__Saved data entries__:
lemma falling_fact_eq: "j \<le> m \<Longrightarrow> falling_fact m j = fact m / fact (m - j)"
  using falling_fact_mult_fact[of j m] by (simp add: field_simps)

lemma higher_pderiv_monom_falling_fact:
  "(pderiv ^^ j) (monom c m) = monom (c * falling_fact m j) (m - j)"
  by (induction j) (simp_all add: falling_fact_def pderiv_monom mult_ac)

lemma hhat_moment_eq_nu:
  assumes M: "Mm + Mp \<ge> 0"
  shows "hhat_moment Mm Mp s = (\<Sum>m\<le>nat (Mm + Mp). nu Mm Mp m s
           * (\<Sum>j\<le>nat (Mm + Mp). fps_nth tau_fps j * falling_fact m j * (1 / 2) ^ (m - j)))"
proof -
  let ?n = "nat (Mm + Mp)"
  have "(\<Sum>i\<le>?n. Polynomial.smult (stencil_node Mm i ^ s) (lagrange_basis Mm Mp i))
      = (\<Sum>m\<le>?n. Polynomial.smult (nu Mm Mp m s) (monom 1 m))"
    unfolding lagrange_basis_def nu_eq_sum_nodes[OF M] smult_sum_right smult_smult
    by (subst sum.swap) (simp add: smult_sum mult.commute)
  moreover have "hhat_moment Mm Mp s = poly (fps_deriv_op ?n tau_fps 1
      (\<Sum>i\<le>?n. Polynomial.smult (stencil_node Mm i ^ s) (lagrange_basis Mm Mp i))) (1 / 2)"
    by (simp add: hhat_moment_def hhat_weight_def fps_deriv_op_sum poly_sum mult.commute)
  ultimately have "hhat_moment Mm Mp s
      = poly (fps_deriv_op ?n tau_fps 1 (\<Sum>m\<le>?n. Polynomial.smult (nu Mm Mp m s) (monom 1 m))) (1 / 2)"
    by simp
  thus ?thesis
    unfolding fps_deriv_op_sum poly_sum poly_smult
    by (simp add: fps_deriv_op_def poly_sum higher_pderiv_monom_falling_fact poly_monom mult_ac)
qed

lemma fps_nth_tau_exp_half:
  "fps_nth (tau_fps * fps_exp (1 / 2)) s = (\<Sum>k\<le>s div 2. tau k / fact (s - 2 * k) * (1 / 2) ^ (s - 2 * k))"
proof -
  have "fps_nth (tau_fps * fps_exp (1 / 2)) s
      = (\<Sum>i = 0..s. fps_nth tau_fps i * ((1 / 2) ^ (s - i) / fact (s - i)))"
    unfolding fps_mult_nth by simp
  also have "\<dots> = (\<Sum>k\<le>s div 2. fps_nth tau_fps (2 * k) * ((1 / 2) ^ (s - 2 * k) / fact (s - 2 * k)))"
    by (rule sum_atLeast0_even) (simp add: tau_fps_def)
  also have "\<dots> = (\<Sum>k\<le>s div 2. tau k / fact (s - 2 * k) * (1 / 2) ^ (s - 2 * k))"
    by (rule sum.cong) (simp_all add: tau_fps_def)
  finally show ?thesis .
qed

lemma sum_tau_fps_falling_fact:
  assumes "m \<le> n"
  shows "(\<Sum>j\<le>n. fps_nth tau_fps j * falling_fact m j * (1 / 2) ^ (m - j))
       = (\<Sum>k\<le>m div 2. tau k * falling_fact m (2 * k) * (1 / 2) ^ (m - 2 * k))"
proof -
  have "(\<Sum>j\<le>n. fps_nth tau_fps j * falling_fact m j * (1 / 2) ^ (m - j))
      = (\<Sum>j = 0..m. fps_nth tau_fps j * falling_fact m j * (1 / 2) ^ (m - j))"
    by (rule sum.mono_neutral_right) (use assms in \<open>auto simp: falling_fact_eq_0\<close>)
  also have "\<dots> = (\<Sum>k\<le>m div 2. fps_nth tau_fps (2 * k) * falling_fact m (2 * k) * (1 / 2) ^ (m - 2 * k))"
    by (rule sum_atLeast0_even) (simp add: tau_fps_def)
  also have "\<dots> = (\<Sum>k\<le>m div 2. tau k * falling_fact m (2 * k) * (1 / 2) ^ (m - 2 * k))"
    by (simp add: tau_fps_def)
  finally show ?thesis .
qed
(* Let $\Sigma$ be a finite alphabet and let $C \subseteq \Sigma^n$ be a code with $|C|\ge 2$ and minimum Levenshtein distance $d$. Let $t_\mathsf{I}$ and $t_\mathsf{D}\le n$ be non-negative integers, let $N$ be a positive integer with $n - t_\mathsf{D} \le N \le n + t_\mathsf{I}$, let $v \in \Sigma^N$, and let $\ell = |B_\mathsf{L}(v, t_\mathsf{D}, t_\mathsf{I}) \cap C|$. If $$\left(n - \frac{d}{2}\right) t_\mathsf{I} < \left(\frac{d}{2} - t_\mathsf{D}\right)(n-t_\mathsf{D})$$ (equivalently, when $d<2n$, $t_\mathsf{I} < \frac{(d/2 - t_\mathsf{D})(n-t_\mathsf{D})}{n - d/2}$), then $$\ell \leq \frac{(d/2)(n+t_\mathsf{I})}{(d/2-t_\mathsf{D})(n-t_\mathsf{D})-(n-d/2)t_\mathsf{I}}.$$
   Context: For words $x,y$ over $\Sigma$ (possibly of different lengths), the Levenshtein distance $d_\mathsf{L}(x,y)$ is the minimum number of single-symbol insertions and deletions needed to transform $x$ into $y$. The minimum Levenshtein distance of a code $C$ is $\min\{d_\mathsf{L}(c_1,c_2): c_1\neq c_2 \in C\}$. For a word $v$ and non-negative integers $a,b$, $B_\mathsf{L}(v,a,b)$ denotes the set of all words obtainable from $v$ by at most $a$ insertions and at most $b$ deletions. *)

theory Defs
  imports Complex_Main
begin

text \<open>The alphabet Sigma is the finite type 'a; words are lists over 'a.
  edits x i j y: y is obtained from x by exactly i single-symbol insertions
  and j single-symbol deletions (in any order).\<close>

inductive edits :: "'a list \<Rightarrow> nat \<Rightarrow> nat \<Rightarrow> 'a list \<Rightarrow> bool" where
  refl: "edits x 0 0 x"
| ins: "edits x i j (u @ w) \<Longrightarrow> edits x (Suc i) j (u @ [a] @ w)"
| del: "edits x i j (u @ [a] @ w) \<Longrightarrow> edits x i (Suc j) (u @ w)"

__YOUR INSTRUCTIONS__:
All entries must be printed exactly, with nothing omitted.

__TASK RESPONSE__:
lemma falling_fact_eq: "j \<le> m \<Longrightarrow> falling_fact m j = fact m / fact (m - j)"
  using falling_fact_mult_fact[of j m] by (simp add: field_simps)

lemma higher_pderiv_monom_falling_fact:
  "(pderiv ^^ j) (monom c m) = monom (c * falling_fact m j) (m - j)"
  by (induction j) (simp_all add: falling_fact_def pderiv_monom mult_ac)

lemma hhat_moment_eq_nu:
  assumes M: "Mm + Mp \<ge> 0"
  shows "hhat_moment Mm Mp s = (\<Sum>m\<le>nat (Mm + Mp). nu Mm Mp m s
           * (\<Sum>j\<le>nat (Mm + Mp). fps_nth tau_fps j * falling_fact m j * (1 / 2) ^ (m - j)))"
proof -
  let ?n = "nat (Mm + Mp)"
  have "(\<Sum>i\<le>?n. Polynomial.smult (stencil_node Mm i ^ s) (lagrange_basis Mm Mp i))
      = (\<Sum>m\<le>?n. Polynomial.smult (nu Mm Mp m s) (monom 1 m))"
    unfolding lagrange_basis_def nu_eq_sum_nodes[OF M] smult_sum_right smult_smult
    by (subst sum.swap) (simp add: smult_sum mult.commute)
  moreover have "hhat_moment Mm Mp s = poly (fps_deriv_op ?n tau_fps 1
      (\<Sum>i\<le>?n. Polynomial.smult (stencil_node Mm i ^ s) (lagrange_basis Mm Mp i))) (1 / 2)"
    by (simp add: hhat_moment_def hhat_weight_def fps_deriv_op_sum poly_sum mult.commute)
  ultimately have "hhat_moment Mm Mp s
      = poly (fps_deriv_op ?n tau_fps 1 (\<Sum>m\<le>?n. Polynomial.smult (nu Mm Mp m s) (monom 1 m))) (1 / 2)"
    by simp
  thus ?thesis
    unfolding fps_deriv_op_sum poly_sum poly_smult
    by (simp add: fps_deriv_op_def poly_sum higher_pderiv_monom_falling_fact poly_monom mult_ac)
qed

lemma fps_nth_tau_exp_half:
  "fps_nth (tau_fps * fps_exp (1 / 2)) s = (\<Sum>k\<le>s div 2. tau k / fact (s - 2 * k) * (1 / 2) ^ (s - 2 * k))"
proof -
  have "fps_nth (tau_fps * fps_exp (1 / 2)) s
      = (\<Sum>i = 0..s. fps_nth tau_fps i * ((1 / 2) ^ (s - i) / fact (s - i)))"
    unfolding fps_mult_nth by simp
  also have "\<dots> = (\<Sum>k\<le>s div 2. fps_nth tau_fps (2 * k) * ((1 / 2) ^ (s - 2 * k) / fact (s - 2 * k)))"
    by (rule sum_atLeast0_even) (simp add: tau_fps_def)
  also have "\<dots> = (\<Sum>k\<le>s div 2. tau k / fact (s - 2 * k) * (1 / 2) ^ (s - 2 * k))"
    by (rule sum.cong) (simp_all add: tau_fps_def)
  finally show ?thesis .
qed

lemma sum_tau_fps_falling_fact:
  assumes "m \<le> n"
  shows "(\<Sum>j\<le>n. fps_nth tau_fps j * falling_fact m j * (1 / 2) ^ (m - j))
       = (\<Sum>k\<le>m div 2. tau k * falling_fact m (2 * k) * (1 / 2) ^ (m - 2 * k))"
proof -
  have "(\<Sum>j\<le>n. fps_nth tau_fps j * falling_fact m j * (1 / 2) ^ (m - j))
      = (\<Sum>j = 0..m. fps_nth tau_fps j * falling_fact m j * (1 / 2) ^ (m - j))"
    by (rule sum.mono_neutral_right) (use assms in \<open>auto simp: falling_fact_eq_0\<close>)
  also have "\<dots> = (\<Sum>k\<le>m div 2. fps_nth tau_fps (2 * k) * falling_fact m (2 * k) * (1 / 2) ^ (m - 2 * k))"
    by (rule sum_atLeast0_even) (simp add: tau_fps_def)
  also have "\<dots> = (\<Sum>k\<le>m div 2. tau k * falling_fact m (2 * k) * (1 / 2) ^ (m - 2 * k))"
    by (simp add: tau_fps_def)
  finally show ?thesis .
qed
(* Let $\Sigma$ be a finite alphabet and let $C \subseteq \Sigma^n$ be a code with $|C|\ge 2$ and minimum Levenshtein distance $d$. Let $t_\mathsf{I}$ and $t_\mathsf{D}\le n$ be non-negative integers, let $N$ be a positive integer with $n - t_\mathsf{D} \le N \le n + t_\mathsf{I}$, let $v \in \Sigma^N$, and let $\ell = |B_\mathsf{L}(v, t_\mathsf{D}, t_\mathsf{I}) \cap C|$. If $$\left(n - \frac{d}{2}\right) t_\mathsf{I} < \left(\frac{d}{2} - t_\mathsf{D}\right)(n-t_\mathsf{D})$$ (equivalently, when $d<2n$, $t_\mathsf{I} < \frac{(d/2 - t_\mathsf{D})(n-t_\mathsf{D})}{n - d/2}$), then $$\ell \leq \frac{(d/2)(n+t_\mathsf{I})}{(d/2-t_\mathsf{D})(n-t_\mathsf{D})-(n-d/2)t_\mathsf{I}}.$$
   Context: For words $x,y$ over $\Sigma$ (possibly of different lengths), the Levenshtein distance $d_\mathsf{L}(x,y)$ is the minimum number of single-symbol insertions and deletions needed to transform $x$ into $y$. The minimum Levenshtein distance of a code $C$ is $\min\{d_\mathsf{L}(c_1,c_2): c_1\neq c_2 \in C\}$. For a word $v$ and non-negative integers $a,b$, $B_\mathsf{L}(v,a,b)$ denotes the set of all words obtainable from $v$ by at most $a$ insertions and at most $b$ deletions. *)

theory Defs
  imports Complex_Main
begin

text \<open>The alphabet Sigma is the finite type 'a; words are lists over 'a.
  edits x i j y: y is obtained from x by exactly i single-symbol insertions
  and j single-symbol deletions (in any order).\<close>

inductive edits :: "'a list \<Rightarrow> nat \<Rightarrow> nat \<Rightarrow> 'a list \<Rightarrow> bool" where
  refl: "edits x 0 0 x"
| ins: "edits x i j (u @ w) \<Longrightarrow> edits x (Suc i) j (u @ [a] @ w)"
| del: "edits x i j (u @ [a] @ w) \<Longrightarrow> edits x i (Suc j) (u @ w)"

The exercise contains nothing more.